◆ Problem
Sift the listing for lines that hold the string "sqrt" and pull them out.

◆ Dataset excerpts
theorem proposition3:
  shows "\<exists>(K :: nat \<Rightarrow> nat \<Rightarrow> nat) (eta :: nat \<Rightarrow> nat \<Rightarrow> real) (c :: real).
    \<forall>(V :: nat \<Rightarrow> real) (v :: nat \<Rightarrow> nat \<Rightarrow> real) (m :: nat \<Rightarrow> nat \<Rightarrow> real) (D :: nat \<Rightarrow> nat).
      (\<forall>T t. 1 \<le> t \<and> t \<le> T \<longrightarrow> v T t \<in> {0..1} \<and> m T t \<in> {0..1}) \<and>
      (\<forall>T. variation (m T) T \<le> V T) \<and>
      V \<in> o(\<lambda>T. real T) \<and>
      (\<lambda>T. variation (v T) T) \<in> o(\<lambda>T. real T) \<and>
      eventually (\<lambda>T. 1 \<le> V T + variation (v T) T) at_top \<and>
      (\<lambda>T. real (D T)) \<in> \<Theta>(\<lambda>T. (real T / (V T + variation (v T) T)) powr (2/3))
      \<longrightarrow>
      (\<lambda>T. dyn_regret (K T (D T)) (eta T (D T)) (D T) T (v T) (m T))
        \<in> O(\<lambda>T. real T powr (2/3) * (V T + variation (v T) T) powr (1/3) * ln (real T) powr c)"
proof (intro exI[of _ "\<lambda>T D. T"] exI[of _ "\<lambda>T D. 1 / sqrt (real D)"] exI[of _ "1::real"] allI impI)
  fix V :: "nat \<Rightarrow> real" and v m :: "nat \<Rightarrow> nat \<Rightarrow> real" and D :: "nat \<Rightarrow> nat"
  assume "(\<forall>T t. 1 \<le> t \<and> t \<le> T \<longrightarrow> v T t \<in> {0..1} \<and> m T t \<in> {0..1}) \<and>
      (\<forall>T. variation (m T) T \<le> V T) \<and>
      V \<in> o(\<lambda>T. real T) \<and>
      (\<lambda>T. variation (v T) T) \<in> o(\<lambda>T. real T) \<and>
      eventually (\<lambda>T. 1 \<le> V T + variation (v T) T) at_top \<and>
      (\<lambda>T. real (D T)) \<in> \<Theta>(\<lambda>T. (real T / (V T + variation (v T) T)) powr (2/3))"
  \<comment> \<open>The o(T) hypotheses only make the rate sublinear; the bound itself does not need them.\<close>
  then have "(\<lambda>T. dyn_regret T (1 / sqrt (D T)) (D T) T (v T) (m T))
      \<in> O(\<lambda>T. real T powr (2/3) * (V T + variation (v T) T) powr (1/3) * ln (real T))"
    by (intro batched_hedge_dyn_regret_bigo) auto
  moreover have "O(\<lambda>T. real T powr (2/3) * (V T + variation (v T) T) powr (1/3) * ln (real T) powr 1)
      = O(\<lambda>T. real T powr (2/3) * (V T + variation (v T) T) powr (1/3) * ln (real T))"
    by (intro landau_o.big.cong eventually_mono[OF eventually_ge_at_top[of 1]]) simp
  ultimately show "(\<lambda>T. dyn_regret T (1 / sqrt (D T)) (D T) T (v T) (m T))
      \<in> O(\<lambda>T. real T powr (2/3) * (V T + variation (v T) T) powr (1/3) * ln (real T) powr 1)"
    by simp
qed

end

◆ Solution to the problem
proof (intro exI[of _ "\<lambda>T D. T"] exI[of _ "\<lambda>T D. 1 / sqrt (real D)"] exI[of _ "1::real"] allI impI)
  then have "(\<lambda>T. dyn_regret T (1 / sqrt (D T)) (D T) T (v T) (m T))
  ultimately show "(\<lambda>T. dyn_regret T (1 / sqrt (D T)) (D T) T (v T) (m T))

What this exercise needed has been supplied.